Instructions for the task
Below are some records; output exactly the lines from the line with "by (rule compact_imp_bounded[OF" to the line with "section \<open>Global solutions", both ends kept, and nothing more.

[Collected data]
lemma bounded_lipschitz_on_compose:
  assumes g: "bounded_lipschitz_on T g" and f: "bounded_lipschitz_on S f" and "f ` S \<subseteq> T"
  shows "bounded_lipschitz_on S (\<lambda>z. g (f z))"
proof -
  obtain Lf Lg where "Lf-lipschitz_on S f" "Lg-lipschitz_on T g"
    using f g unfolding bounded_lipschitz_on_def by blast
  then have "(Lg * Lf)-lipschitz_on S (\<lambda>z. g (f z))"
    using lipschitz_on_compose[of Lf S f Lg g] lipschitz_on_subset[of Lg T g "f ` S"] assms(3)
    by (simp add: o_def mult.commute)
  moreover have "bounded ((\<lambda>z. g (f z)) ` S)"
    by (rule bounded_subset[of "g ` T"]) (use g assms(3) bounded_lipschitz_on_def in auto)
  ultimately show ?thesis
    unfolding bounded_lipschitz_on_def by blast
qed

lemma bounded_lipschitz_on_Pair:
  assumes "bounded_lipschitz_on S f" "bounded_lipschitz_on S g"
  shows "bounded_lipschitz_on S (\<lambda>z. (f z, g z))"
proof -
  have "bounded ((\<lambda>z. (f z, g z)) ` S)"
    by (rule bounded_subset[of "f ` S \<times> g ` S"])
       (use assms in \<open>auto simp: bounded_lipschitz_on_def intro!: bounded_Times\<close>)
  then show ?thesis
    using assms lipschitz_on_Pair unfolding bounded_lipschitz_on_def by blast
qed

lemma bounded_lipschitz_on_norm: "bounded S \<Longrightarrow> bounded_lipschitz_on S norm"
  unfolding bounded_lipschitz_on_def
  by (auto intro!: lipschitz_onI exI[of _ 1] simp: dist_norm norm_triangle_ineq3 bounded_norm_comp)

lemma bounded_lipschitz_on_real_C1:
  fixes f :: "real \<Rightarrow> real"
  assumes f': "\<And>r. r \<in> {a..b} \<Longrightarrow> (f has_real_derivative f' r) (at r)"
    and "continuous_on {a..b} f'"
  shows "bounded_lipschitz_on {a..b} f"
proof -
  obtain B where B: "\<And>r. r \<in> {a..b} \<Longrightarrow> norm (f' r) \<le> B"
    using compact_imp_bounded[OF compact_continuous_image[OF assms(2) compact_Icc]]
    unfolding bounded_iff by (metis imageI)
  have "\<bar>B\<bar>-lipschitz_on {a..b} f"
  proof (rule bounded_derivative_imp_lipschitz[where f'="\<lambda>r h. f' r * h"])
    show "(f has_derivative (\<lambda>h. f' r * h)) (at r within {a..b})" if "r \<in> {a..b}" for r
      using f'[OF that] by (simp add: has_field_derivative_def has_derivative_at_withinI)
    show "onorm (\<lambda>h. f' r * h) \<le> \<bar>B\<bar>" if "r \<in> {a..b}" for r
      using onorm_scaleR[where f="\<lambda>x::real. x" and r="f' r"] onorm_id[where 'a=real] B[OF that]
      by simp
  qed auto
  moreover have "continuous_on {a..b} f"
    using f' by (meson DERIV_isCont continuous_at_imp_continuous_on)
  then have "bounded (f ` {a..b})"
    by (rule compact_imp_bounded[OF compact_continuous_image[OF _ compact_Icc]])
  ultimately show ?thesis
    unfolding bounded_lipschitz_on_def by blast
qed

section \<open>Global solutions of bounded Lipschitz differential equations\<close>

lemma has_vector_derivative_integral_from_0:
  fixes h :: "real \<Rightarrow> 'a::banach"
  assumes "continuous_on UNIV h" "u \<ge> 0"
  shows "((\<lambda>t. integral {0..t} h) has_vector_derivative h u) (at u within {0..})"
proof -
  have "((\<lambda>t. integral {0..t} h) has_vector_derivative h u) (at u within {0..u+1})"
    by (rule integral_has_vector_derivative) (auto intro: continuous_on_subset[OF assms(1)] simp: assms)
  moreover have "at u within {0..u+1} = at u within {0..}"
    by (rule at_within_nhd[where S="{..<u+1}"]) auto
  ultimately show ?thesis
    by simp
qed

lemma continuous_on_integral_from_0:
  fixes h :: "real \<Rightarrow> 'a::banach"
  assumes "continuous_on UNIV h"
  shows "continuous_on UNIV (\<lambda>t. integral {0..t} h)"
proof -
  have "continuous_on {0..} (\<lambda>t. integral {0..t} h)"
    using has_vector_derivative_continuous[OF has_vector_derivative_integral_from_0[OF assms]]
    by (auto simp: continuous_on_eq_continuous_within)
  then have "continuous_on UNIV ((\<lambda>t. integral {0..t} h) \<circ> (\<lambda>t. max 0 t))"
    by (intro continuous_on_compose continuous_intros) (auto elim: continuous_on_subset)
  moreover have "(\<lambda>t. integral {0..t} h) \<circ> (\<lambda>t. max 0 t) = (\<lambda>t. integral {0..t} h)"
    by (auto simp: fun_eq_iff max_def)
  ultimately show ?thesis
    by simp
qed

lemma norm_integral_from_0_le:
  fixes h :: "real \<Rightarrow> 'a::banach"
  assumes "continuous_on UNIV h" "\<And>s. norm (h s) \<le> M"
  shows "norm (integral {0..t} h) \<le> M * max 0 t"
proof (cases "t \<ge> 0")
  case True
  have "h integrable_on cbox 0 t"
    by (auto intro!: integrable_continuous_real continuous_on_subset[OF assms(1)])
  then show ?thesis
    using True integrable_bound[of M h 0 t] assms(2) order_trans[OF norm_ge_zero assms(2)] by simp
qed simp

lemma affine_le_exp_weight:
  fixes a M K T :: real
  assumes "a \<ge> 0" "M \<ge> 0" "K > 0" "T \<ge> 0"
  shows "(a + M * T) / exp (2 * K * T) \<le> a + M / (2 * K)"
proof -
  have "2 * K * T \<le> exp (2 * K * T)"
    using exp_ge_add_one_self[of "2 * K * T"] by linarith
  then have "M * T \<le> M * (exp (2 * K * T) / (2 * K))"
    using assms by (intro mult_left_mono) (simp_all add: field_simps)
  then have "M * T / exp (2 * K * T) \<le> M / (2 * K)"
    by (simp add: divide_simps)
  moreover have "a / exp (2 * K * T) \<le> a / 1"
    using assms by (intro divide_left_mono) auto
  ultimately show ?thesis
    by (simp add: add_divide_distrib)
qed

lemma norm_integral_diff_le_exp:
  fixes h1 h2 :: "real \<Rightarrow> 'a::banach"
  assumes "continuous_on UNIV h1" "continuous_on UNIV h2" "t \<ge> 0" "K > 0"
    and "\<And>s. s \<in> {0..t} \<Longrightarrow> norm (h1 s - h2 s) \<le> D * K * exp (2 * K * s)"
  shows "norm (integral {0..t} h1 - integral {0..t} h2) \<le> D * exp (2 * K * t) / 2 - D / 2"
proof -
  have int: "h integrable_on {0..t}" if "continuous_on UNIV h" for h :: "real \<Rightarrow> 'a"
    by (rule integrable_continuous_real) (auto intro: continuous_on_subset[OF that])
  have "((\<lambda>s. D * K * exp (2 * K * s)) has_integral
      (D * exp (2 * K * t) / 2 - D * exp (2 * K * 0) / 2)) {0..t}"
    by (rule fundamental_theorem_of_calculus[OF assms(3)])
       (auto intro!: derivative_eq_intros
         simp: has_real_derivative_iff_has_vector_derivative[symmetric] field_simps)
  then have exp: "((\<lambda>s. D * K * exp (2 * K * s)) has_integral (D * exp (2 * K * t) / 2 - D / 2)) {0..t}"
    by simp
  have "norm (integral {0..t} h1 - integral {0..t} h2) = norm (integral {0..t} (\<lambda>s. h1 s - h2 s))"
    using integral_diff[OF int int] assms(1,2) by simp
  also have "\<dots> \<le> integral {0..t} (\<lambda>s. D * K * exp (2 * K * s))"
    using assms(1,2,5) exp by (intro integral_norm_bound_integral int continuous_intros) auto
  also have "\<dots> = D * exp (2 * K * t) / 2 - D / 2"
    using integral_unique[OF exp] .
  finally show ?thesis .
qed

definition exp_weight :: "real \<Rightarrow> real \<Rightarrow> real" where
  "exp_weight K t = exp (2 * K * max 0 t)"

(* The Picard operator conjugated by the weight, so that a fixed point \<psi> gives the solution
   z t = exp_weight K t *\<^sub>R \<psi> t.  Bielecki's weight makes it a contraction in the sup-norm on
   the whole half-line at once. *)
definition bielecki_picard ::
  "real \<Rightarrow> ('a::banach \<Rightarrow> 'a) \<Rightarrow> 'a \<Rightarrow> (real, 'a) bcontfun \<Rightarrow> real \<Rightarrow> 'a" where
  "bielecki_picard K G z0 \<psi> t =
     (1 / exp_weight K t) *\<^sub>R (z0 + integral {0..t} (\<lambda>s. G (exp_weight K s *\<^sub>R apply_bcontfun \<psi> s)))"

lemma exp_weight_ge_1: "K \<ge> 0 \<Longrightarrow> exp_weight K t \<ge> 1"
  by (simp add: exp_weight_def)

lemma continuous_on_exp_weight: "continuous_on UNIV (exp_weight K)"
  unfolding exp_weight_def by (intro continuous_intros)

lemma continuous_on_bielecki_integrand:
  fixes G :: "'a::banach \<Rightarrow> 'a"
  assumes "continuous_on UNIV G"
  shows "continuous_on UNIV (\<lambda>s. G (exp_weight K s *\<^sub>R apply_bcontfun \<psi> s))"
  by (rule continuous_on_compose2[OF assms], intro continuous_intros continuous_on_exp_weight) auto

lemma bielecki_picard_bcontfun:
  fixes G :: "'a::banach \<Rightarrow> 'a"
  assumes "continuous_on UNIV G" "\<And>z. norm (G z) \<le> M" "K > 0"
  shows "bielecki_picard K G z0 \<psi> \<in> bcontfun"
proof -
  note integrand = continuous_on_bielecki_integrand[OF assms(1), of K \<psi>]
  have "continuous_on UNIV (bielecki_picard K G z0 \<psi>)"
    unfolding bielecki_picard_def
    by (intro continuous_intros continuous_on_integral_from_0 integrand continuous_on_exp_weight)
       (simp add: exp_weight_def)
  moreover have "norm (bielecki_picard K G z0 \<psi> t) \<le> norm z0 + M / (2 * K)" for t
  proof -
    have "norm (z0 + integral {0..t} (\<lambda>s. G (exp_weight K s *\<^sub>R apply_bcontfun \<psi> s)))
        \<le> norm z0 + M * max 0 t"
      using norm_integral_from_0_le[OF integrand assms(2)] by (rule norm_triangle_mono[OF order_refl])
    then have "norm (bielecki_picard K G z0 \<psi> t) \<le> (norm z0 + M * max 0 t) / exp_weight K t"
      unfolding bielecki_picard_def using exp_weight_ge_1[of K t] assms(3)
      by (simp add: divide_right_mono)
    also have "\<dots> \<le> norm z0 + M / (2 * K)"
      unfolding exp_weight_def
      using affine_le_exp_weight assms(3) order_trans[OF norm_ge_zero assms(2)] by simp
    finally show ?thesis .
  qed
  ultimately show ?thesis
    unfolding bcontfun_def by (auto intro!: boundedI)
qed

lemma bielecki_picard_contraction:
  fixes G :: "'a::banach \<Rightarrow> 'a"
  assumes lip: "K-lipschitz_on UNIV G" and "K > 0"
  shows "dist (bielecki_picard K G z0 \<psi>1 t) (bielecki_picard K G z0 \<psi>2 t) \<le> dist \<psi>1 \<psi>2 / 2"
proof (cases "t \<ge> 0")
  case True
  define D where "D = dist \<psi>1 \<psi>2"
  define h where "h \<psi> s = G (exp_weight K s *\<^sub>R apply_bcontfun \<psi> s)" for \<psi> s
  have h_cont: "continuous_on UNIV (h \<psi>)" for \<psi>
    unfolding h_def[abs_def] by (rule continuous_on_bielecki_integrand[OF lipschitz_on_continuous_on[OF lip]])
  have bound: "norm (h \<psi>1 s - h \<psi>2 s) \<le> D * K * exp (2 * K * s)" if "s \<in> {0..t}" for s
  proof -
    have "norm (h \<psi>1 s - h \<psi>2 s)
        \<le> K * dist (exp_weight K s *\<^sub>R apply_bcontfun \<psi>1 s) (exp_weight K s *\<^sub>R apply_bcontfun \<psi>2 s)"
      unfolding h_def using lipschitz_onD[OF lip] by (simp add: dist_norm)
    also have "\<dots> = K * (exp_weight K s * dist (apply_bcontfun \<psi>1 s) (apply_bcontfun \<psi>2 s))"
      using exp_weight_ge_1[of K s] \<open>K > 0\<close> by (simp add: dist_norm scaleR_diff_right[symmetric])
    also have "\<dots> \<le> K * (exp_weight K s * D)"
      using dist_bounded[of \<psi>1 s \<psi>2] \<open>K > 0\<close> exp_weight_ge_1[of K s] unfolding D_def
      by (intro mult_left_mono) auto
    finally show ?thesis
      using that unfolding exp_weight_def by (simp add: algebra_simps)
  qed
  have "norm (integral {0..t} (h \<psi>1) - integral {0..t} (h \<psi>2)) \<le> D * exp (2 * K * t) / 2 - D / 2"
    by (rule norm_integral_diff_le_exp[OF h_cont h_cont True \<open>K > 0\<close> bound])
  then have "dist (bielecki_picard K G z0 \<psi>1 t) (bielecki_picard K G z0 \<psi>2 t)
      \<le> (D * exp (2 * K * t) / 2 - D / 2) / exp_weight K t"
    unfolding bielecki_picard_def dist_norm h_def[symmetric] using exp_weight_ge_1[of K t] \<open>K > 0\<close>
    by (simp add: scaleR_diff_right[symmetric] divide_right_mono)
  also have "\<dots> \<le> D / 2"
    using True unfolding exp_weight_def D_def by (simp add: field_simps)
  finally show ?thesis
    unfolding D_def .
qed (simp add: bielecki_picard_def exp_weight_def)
---
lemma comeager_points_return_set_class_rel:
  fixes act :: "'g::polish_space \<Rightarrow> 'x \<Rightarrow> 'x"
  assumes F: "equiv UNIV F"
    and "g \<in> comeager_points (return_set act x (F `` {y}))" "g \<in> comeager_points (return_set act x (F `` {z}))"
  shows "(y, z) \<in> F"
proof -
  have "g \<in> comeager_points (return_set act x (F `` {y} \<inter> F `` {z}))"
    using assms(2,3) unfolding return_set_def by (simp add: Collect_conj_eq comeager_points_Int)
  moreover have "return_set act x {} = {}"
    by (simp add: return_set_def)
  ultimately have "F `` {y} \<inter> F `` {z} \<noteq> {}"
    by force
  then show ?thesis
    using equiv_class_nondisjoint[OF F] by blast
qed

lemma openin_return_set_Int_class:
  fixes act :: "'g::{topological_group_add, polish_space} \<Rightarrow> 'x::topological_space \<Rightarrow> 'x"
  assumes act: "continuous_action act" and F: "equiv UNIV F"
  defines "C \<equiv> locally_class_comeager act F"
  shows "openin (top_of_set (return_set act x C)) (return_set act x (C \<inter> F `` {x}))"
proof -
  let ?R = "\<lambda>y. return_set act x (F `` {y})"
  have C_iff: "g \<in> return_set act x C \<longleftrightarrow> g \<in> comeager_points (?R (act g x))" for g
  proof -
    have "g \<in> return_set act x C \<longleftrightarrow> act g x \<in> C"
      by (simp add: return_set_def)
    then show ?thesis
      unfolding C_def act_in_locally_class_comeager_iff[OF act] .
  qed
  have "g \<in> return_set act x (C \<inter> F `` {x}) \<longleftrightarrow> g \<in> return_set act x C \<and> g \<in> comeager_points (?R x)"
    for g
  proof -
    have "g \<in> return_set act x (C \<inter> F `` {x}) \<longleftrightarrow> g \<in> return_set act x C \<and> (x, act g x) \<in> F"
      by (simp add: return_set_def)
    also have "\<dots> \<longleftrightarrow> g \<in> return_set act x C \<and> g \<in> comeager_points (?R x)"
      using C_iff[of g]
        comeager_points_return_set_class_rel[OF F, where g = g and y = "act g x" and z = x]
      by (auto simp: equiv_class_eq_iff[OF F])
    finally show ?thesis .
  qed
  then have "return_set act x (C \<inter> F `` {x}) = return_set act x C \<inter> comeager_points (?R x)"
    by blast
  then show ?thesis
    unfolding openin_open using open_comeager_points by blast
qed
...
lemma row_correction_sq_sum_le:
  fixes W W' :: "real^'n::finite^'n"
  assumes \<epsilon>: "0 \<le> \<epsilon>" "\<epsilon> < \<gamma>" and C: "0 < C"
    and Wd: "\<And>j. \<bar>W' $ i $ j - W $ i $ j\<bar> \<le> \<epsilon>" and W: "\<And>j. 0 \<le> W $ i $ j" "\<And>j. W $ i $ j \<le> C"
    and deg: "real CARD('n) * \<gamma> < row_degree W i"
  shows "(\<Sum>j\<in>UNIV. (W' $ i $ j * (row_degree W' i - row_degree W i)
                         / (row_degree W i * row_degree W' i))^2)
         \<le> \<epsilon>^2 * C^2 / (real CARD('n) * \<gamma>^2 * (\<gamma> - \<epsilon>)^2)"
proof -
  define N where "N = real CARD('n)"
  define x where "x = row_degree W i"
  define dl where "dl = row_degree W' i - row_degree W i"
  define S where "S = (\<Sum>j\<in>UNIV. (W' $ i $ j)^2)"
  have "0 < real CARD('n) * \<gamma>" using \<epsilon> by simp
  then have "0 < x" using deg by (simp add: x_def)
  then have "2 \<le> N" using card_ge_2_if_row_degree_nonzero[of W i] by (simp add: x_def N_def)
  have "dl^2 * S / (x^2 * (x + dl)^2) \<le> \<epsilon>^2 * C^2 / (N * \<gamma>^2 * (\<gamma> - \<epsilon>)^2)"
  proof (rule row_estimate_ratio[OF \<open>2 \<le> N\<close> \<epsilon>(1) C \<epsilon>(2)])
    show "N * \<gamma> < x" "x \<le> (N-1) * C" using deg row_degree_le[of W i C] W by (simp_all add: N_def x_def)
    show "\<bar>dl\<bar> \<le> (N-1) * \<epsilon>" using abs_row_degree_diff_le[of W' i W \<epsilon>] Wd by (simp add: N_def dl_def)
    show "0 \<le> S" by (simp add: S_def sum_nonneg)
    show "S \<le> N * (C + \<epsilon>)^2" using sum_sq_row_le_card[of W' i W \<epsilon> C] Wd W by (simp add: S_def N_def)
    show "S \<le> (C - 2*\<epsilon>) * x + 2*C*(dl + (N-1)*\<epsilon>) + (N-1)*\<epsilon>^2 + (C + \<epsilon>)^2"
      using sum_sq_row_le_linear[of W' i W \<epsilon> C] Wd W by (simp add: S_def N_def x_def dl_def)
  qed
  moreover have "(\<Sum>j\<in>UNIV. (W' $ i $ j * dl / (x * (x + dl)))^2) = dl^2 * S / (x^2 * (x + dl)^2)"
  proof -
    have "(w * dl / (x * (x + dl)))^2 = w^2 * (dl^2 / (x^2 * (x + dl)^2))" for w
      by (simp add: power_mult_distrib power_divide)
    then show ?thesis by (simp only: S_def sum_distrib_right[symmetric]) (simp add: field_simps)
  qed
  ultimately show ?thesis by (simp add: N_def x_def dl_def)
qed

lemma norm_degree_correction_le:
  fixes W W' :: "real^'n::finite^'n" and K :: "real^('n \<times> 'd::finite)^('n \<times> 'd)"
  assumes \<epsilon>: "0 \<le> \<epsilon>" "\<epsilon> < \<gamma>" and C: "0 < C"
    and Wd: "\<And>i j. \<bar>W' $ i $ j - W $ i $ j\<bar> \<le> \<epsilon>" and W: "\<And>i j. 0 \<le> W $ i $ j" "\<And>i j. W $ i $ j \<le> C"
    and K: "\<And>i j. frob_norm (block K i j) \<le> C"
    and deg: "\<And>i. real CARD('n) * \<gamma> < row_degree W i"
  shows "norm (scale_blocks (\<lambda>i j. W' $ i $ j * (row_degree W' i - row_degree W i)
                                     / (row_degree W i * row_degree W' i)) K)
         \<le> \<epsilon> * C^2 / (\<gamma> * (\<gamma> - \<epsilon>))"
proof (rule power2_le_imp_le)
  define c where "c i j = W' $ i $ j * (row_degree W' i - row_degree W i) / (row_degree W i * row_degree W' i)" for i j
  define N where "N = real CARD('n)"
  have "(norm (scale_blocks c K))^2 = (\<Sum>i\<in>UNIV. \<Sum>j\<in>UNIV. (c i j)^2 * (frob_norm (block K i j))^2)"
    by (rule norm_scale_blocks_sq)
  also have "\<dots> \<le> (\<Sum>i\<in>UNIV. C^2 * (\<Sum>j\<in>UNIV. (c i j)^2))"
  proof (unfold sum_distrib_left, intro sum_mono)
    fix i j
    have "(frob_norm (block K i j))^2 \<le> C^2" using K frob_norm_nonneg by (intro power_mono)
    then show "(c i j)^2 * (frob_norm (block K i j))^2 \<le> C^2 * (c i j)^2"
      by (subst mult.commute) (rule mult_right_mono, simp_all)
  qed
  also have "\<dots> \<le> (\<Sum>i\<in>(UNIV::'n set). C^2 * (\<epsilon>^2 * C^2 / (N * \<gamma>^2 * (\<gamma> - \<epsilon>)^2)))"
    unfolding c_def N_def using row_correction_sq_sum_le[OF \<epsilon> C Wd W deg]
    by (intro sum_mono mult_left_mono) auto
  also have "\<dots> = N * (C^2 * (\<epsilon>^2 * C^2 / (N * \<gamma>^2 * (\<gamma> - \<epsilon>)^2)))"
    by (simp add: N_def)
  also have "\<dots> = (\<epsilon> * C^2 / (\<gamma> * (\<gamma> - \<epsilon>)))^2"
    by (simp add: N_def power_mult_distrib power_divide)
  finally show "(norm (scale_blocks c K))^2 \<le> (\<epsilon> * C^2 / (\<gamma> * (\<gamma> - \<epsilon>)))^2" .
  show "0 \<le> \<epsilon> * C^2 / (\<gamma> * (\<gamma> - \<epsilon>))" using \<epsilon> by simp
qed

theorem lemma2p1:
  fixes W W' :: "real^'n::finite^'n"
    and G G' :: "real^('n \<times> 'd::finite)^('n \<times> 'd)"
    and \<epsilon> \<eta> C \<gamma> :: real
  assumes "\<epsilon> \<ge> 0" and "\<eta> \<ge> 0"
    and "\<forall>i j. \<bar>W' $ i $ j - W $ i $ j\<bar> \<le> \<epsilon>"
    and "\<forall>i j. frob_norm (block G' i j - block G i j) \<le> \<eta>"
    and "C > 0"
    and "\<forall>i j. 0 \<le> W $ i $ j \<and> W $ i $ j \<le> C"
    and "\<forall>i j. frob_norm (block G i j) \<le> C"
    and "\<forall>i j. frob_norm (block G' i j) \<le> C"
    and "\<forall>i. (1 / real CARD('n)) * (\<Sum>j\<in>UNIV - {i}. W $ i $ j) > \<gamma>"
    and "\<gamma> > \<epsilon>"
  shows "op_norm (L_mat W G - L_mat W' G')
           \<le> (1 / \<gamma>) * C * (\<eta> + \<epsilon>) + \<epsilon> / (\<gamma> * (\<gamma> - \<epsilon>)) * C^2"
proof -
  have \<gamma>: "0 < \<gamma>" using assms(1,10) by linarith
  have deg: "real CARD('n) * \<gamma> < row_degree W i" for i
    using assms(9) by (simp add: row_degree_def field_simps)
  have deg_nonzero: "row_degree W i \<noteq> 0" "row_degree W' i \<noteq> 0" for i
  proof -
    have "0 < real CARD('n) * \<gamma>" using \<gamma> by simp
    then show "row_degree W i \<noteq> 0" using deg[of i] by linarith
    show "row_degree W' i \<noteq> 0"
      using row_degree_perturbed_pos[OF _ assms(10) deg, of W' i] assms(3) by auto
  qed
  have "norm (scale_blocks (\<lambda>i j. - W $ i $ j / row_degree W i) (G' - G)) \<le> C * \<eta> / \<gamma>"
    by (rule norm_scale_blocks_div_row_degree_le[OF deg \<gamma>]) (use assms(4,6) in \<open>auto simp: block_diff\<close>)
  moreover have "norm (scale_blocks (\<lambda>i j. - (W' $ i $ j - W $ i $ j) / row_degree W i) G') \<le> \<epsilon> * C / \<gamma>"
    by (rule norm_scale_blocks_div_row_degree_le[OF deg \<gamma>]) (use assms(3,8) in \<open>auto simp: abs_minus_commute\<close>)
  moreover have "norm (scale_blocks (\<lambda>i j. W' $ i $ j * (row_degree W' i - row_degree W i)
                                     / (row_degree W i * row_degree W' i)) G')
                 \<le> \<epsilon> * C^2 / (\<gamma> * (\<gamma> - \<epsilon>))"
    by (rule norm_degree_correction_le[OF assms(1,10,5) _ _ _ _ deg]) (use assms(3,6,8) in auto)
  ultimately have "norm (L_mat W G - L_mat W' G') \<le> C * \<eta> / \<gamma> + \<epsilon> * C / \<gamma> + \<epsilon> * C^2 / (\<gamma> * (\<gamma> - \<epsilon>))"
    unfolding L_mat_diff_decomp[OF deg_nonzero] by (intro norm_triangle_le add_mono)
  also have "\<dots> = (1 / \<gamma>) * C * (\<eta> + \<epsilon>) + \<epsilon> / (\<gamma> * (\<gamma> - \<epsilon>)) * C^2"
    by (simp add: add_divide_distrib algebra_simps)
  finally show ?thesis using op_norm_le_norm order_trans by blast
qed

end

Problem solution
    by (rule compact_imp_bounded[OF compact_continuous_image[OF _ compact_Icc]])
  ultimately show ?thesis
    unfolding bounded_lipschitz_on_def by blast
qed

section \<open>Global solutions of bounded Lipschitz differential equations\<close>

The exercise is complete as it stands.